Section II provides details on the data sources and inclusion criteria for patients and physicians in the study;
Section III describes the methods used in this study to construct physician cost profiles;
Section IV provides details about how we calculated the standard errors for the physician cost profiles
Section V describes the supplemental analyses where we compare the two physician categorization systems controlling for the fraction of outliers

DATA SOURCES AND CRITERIA FOR INCLUSION OF PATIENTS AND PHYSICIANS

A.Source of Claims Data

We obtained all commercial professional, inpatient, other facility, and pharmaceutical claims in 2004-2005 from four health plans in Massachusetts. Because most physicians contract with multiple health plans, we aggregated data at the physician level across health plans to construct a larger number of observations on each physician than would be possible for a single health plan. The dataset includes claims from managed care, preferred provider organization (PPO), and indemnity product lines. At the time of the study, the four health plans enrolled more than 80% of residents with any type of commerical health insurance in Massachusetts.

B. Selecting Patients for Inclusion in the Study Population

Our analyses used all claims for adult enrollees between the ages of 18 and 65 who were continuously enrolled for the two year period (2004-5) and who filed at least one claim. Figure A.1 shows the steps we took to arrive at the final study sample, and the implications of those steps for the final sample size.

We excluded patients over the age of 65, because these patients are eligible for Medicare and the plans could not reliably identify those for whom Medicare was the primary payer. Exclusions of children (<18) and those who were not continuously enrolled were necessary for another aspect of the project that examines the relationship between cost and quality performance. As a result, we included 58% of non-elderly adults in the study.

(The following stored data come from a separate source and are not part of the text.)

lemma cont_frame_iff:
  fixes F :: "'a \<Rightarrow> complex^'n"
  shows "cont_frame M F \<longleftrightarrow> F \<in> L2 M \<and> (\<forall>v. (AE x in M. cinner v (F x) = 0) \<longrightarrow> v = 0)"
proof
  assume frame: "cont_frame M F"
  then have F: "F \<in> L2 M"
    by (simp add: cont_frame_def)
  have "v = 0" if AE: "AE x in M. cinner v (F x) = 0" for v
  proof -
    obtain A where A: "0 < A"
      and lower: "ennreal (A * (norm v)\<^sup>2) \<le> (\<integral>\<^sup>+x. ennreal ((cmod (cinner v (F x)))\<^sup>2) \<partial>M)"
      using frame unfolding cont_frame_def by blast
    have "frame_form M F v = 0"
      using AE frame_form_eq_0_iff[OF F] by simp
    then have "A * (norm v)\<^sup>2 \<le> 0"
      using lower nn_integral_norm_cinner_sq[OF F] by (simp add: ennreal_eq_0_iff)
    with A show "v = 0"
      by (simp add: mult_le_0_iff)
  qed
  with F show "F \<in> L2 M \<and> (\<forall>v. (AE x in M. cinner v (F x) = 0) \<longrightarrow> v = 0)"
    by blast
next
  assume "F \<in> L2 M \<and> (\<forall>v. (AE x in M. cinner v (F x) = 0) \<longrightarrow> v = 0)"
  then have F: "F \<in> L2 M" and nondegenerate: "\<And>v. (AE x in M. cinner v (F x) = 0) \<Longrightarrow> v = 0"
    by blast+
  obtain A where A: "0 < A" and lower: "\<And>v. A * (norm v)\<^sup>2 \<le> frame_form M F v"
    using frame_form_lower_bound[OF F nondegenerate] by blast
  define B where "B = max A (\<integral>x. (norm (F x))\<^sup>2 \<partial>M)"
  have upper: "frame_form M F v \<le> B * (norm v)\<^sup>2" for v
    using frame_form_le[OF F, of v] by (simp add: B_def mult_right_mono order_trans)
  show "cont_frame M F"
    unfolding cont_frame_def nn_integral_norm_cinner_sq[OF F]
    using F A lower upper by (intro conjI exI[of _ A] exI[of _ B]) (auto simp: B_def intro: ennreal_leI)
qed

section \<open>Perturbing along a frame\<close>

lemma AE_cinner_shifted_combination_eq_0:
  fixes G P :: "'a \<Rightarrow> complex^'n" and v :: "real \<Rightarrow> complex^'n"
  assumes "finite S"
    and "\<And>t. t \<in> S \<Longrightarrow> AE x in M. cinner (v t) (G x + t *\<^sub>R P x) = 0"
    and "(\<Sum>t\<in>S. c t *\<^sub>R v t) = 0"
  shows "AE x in M. cinner (\<Sum>t\<in>S. (c t * (t - s)) *\<^sub>R v t) (P x) = 0"
proof -
  have "\<forall>t\<in>S. AE x in M. cinner (v t) (G x) = - (of_real t * cinner (v t) (P x))"
    using assms(2)
    by (fastforce simp: cinner_add_right cinner_scaleR_right eq_neg_iff_add_eq_0 elim: eventually_mono)
  then have "AE x in M. \<forall>t\<in>S. cinner (v t) (G x) = - (of_real t * cinner (v t) (P x))"
    using assms(1) by (simp add: eventually_ball_finite_distrib)
  then show ?thesis
  proof eventually_elim
    case (elim x)
    let ?p = "\<lambda>t. cinner (v t) (P x)"
    have "cinner (\<Sum>t\<in>S. (c t * (t - s)) *\<^sub>R v t) (P x) = (\<Sum>t\<in>S. of_real (c t * (t - s)) * ?p t)"
      by (simp add: cinner_sum_left cinner_scaleR_left)
    also have "\<dots> = (\<Sum>t\<in>S. of_real (c t) * (of_real t * ?p t)) - of_real s * (\<Sum>t\<in>S. of_real (c t) * ?p t)"
      by (simp add: sum_subtractf sum_distrib_left algebra_simps)
    also have "(\<Sum>t\<in>S. of_real (c t) * (of_real t * ?p t)) = - (\<Sum>t\<in>S. of_real (c t) * cinner (v t) (G x))"
      unfolding sum_negf[symmetric] by (rule sum.cong) (use elim in auto)
    also have "- (\<Sum>t\<in>S. of_real (c t) * cinner (v t) (G x)) - of_real s * (\<Sum>t\<in>S. of_real (c t) * ?p t)
        = - cinner (\<Sum>t\<in>S. c t *\<^sub>R v t) (G x) - of_real s * cinner (\<Sum>t\<in>S. c t *\<^sub>R v t) (P x)"
      by (simp add: cinner_sum_left cinner_scaleR_left)
    also have "\<dots> = 0"
      using assms(3) by (simp add: cinner_def)
    finally show ?case .
  qed
qed

lemma annihilators_independent:
  fixes G P :: "'a \<Rightarrow> complex^'n" and v :: "real \<Rightarrow> complex^'n"
  assumes P: "cont_frame M P" and "finite T"
    and "\<And>t. t \<in> T \<Longrightarrow> v t \<noteq> 0"
    and "\<And>t. t \<in> T \<Longrightarrow> AE x in M. cinner (v t) (G x + t *\<^sub>R P x) = 0"
    and "(\<Sum>t\<in>T. c t *\<^sub>R v t) = 0"
  shows "\<forall>t\<in>T. c t = 0"
  using assms(2-)
proof (induction T arbitrary: c rule: finite_induct)
  case empty
  then show ?case by simp
next
  case (insert s T)
  have "AE x in M. cinner (\<Sum>t\<in>insert s T. (c t * (t - s)) *\<^sub>R v t) (P x) = 0"
    using insert.hyps(1) insert.prems(2,3) by (intro AE_cinner_shifted_combination_eq_0[where G=G]) auto
  then have "(\<Sum>t\<in>T. (c t * (t - s)) *\<^sub>R v t) = 0"
    using P insert.hyps by (simp add: cont_frame_iff)
  then have "\<forall>t\<in>T. c t * (t - s) = 0"
    using insert.IH[of "\<lambda>t. c t * (t - s)"] insert.prems(1,2) by blast
  then have cT: "\<forall>t\<in>T. c t = 0"
    using insert.hyps(2) by auto
  then have "c s *\<^sub>R v s = 0"
    using insert.prems(3) insert.hyps by simp
  with cT insert.prems(1) show ?case
    by simp
qed

lemma finite_nonframe_parameters:
  fixes G P :: "'a \<Rightarrow> complex^'n"
  assumes P: "cont_frame M P" and G: "G \<in> L2 M"
  shows "finite {t::real. \<not> cont_frame M (\<lambda>x. G x + t *\<^sub>R P x)}" (is "finite ?Bad")
proof -
  have "P \<in> L2 M"
    using P by (simp add: cont_frame_def)
  then have "\<forall>t\<in>?Bad. \<exists>u. u \<noteq> 0 \<and> (AE x in M. cinner u (G x + t *\<^sub>R P x) = 0)"
    using L2_add_scaleR[OF G] by (auto simp: cont_frame_iff)
  then have "\<exists>v. \<forall>t\<in>?Bad. v t \<noteq> 0 \<and> (AE x in M. cinner (v t) (G x + t *\<^sub>R P x) = 0)"
    by (rule bchoice)
  then obtain v where v: "\<forall>t\<in>?Bad. v t \<noteq> 0 \<and> (AE x in M. cinner (v t) (G x + t *\<^sub>R P x) = 0)"
    by blast
  have independent: "\<forall>t\<in>T. c t = 0"
    if "finite T" "T \<subseteq> ?Bad" "(\<Sum>t\<in>T. c t *\<^sub>R v t) = 0" for T c
    using annihilators_independent[OF P that(1), of v] v that(2,3) by blast
  have "inj_on v ?Bad"
  proof (rule inj_onI, rule ccontr)
    fix s t assume st: "s \<in> ?Bad" "t \<in> ?Bad" "v s = v t" "s \<noteq> t"
    then have "(\<Sum>r\<in>{s, t}. (if r = s then 1 else -1) *\<^sub>R v r) = 0"
      by simp
    then show False
      using independent[of "{s, t}" "\<lambda>r. if r = s then 1 else -1"] st by auto
  qed
  have "card T \<le> DIM(complex^'n)" if T_Bad: "T \<subseteq> ?Bad" and T_finite: "finite T" for T
  proof -
    have inj: "inj_on v T"
      using \<open>inj_on v ?Bad\<close> T_Bad by (rule inj_on_subset)
    have "independent (v ` T)"
    proof
      assume "dependent (v ` T)"
      then obtain u where u: "\<exists>w\<in>v ` T. u w \<noteq> 0" "(\<Sum>w\<in>v ` T. u w *\<^sub>R w) = 0"
        unfolding real_vector.dependent_finite[OF finite_imageI[OF T_finite]] by blast
      have "(\<Sum>t\<in>T. u (v t) *\<^sub>R v t) = 0"
        using u(2) by (simp add: sum.reindex[OF inj])
      with u(1) show False
        using independent[OF T_finite T_Bad, of "u \<circ> v"] by auto
    qed
    then have "card (v ` T) \<le> DIM(complex^'n)"
      by (rule independent_bound[THEN conjunct2])
    then show ?thesis
      by (simp add: card_image[OF inj])
  qed
  then show ?thesis
    using finite_if_finite_subsets_card_bdd by blast
qed

lemma obtain_small_frame_perturbation:
  fixes G P :: "'a \<Rightarrow> complex^'n"
  assumes "cont_frame M P" and "G \<in> L2 M" and "0 < \<delta>"
  obtains t where "0 < t" and "t < \<delta>" and "cont_frame M (\<lambda>x. G x + t *\<^sub>R P x)"
proof -
  have "infinite ({0<..<\<delta>} - {t. \<not> cont_frame M (\<lambda>x. G x + t *\<^sub>R P x)})"
    using finite_nonframe_parameters[OF assms(1,2)] assms(3) by (intro Diff_infinite_finite) simp_all
  then obtain t where "t \<in> {0<..<\<delta>} - {t. \<not> cont_frame M (\<lambda>x. G x + t *\<^sub>R P x)}"
    using infinite_imp_nonempty by blast
  then show ?thesis
    using that by auto
qed

lemma L2norm_scaleR: "L2norm M (\<lambda>x. r *\<^sub>R F x) = \<bar>r\<bar> * L2norm M F"
  unfolding L2norm_def by (simp add: power_mult_distrib real_sqrt_mult)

Figure A.1: Steps in Selecting Patients for Inclusion in Study

C. Physician Database and Selecting Physicians for Inclusion in the Study

Massachusetts Health Quality Partners (MHQP) created a master physician database for the state for the purposes of aggregating data across health plans and for public reporting of quality information. This database includes all physicians who are listed on the provider files of the largest health plans in Massachusetts. For each physician, MHQP creates a master physician ID and links that to the physician identifier used by each of the health plans. MHQP matches physicians across the health plans using unique identifiers (e.g., Massachusetts license number), names, and addresses. MHQP also determines physician specialty using the specialty listed in the health plan provider files. In the final reconciliation, MHQP used the Massachusetts Board of Registration file to verify mismatched license numbers and clinical specialties.

In the master physician database created by MHQP, approximately 20% of physicians had two specialties listed. For this project we assigned each physician to a single specialty using the following logic:

1)In most cases, the combinations were a general specialty (e.g., internal medicine) and a related subspecialty (e.g., cardiology). Because subspecialty costs are typically higher and the main use of specialty in our analyses was to compare each physician’s cost profile to the average of other physicians in the same specialty, we used the subspecialty because that would decrease the likelihood that a physician would be identified as a high cost outlier.

2)If one of the two specialties was a non-direct patient care specialty (e.g., pathology and internal medicine) then we selected the direct patient care specialty (internal medicine).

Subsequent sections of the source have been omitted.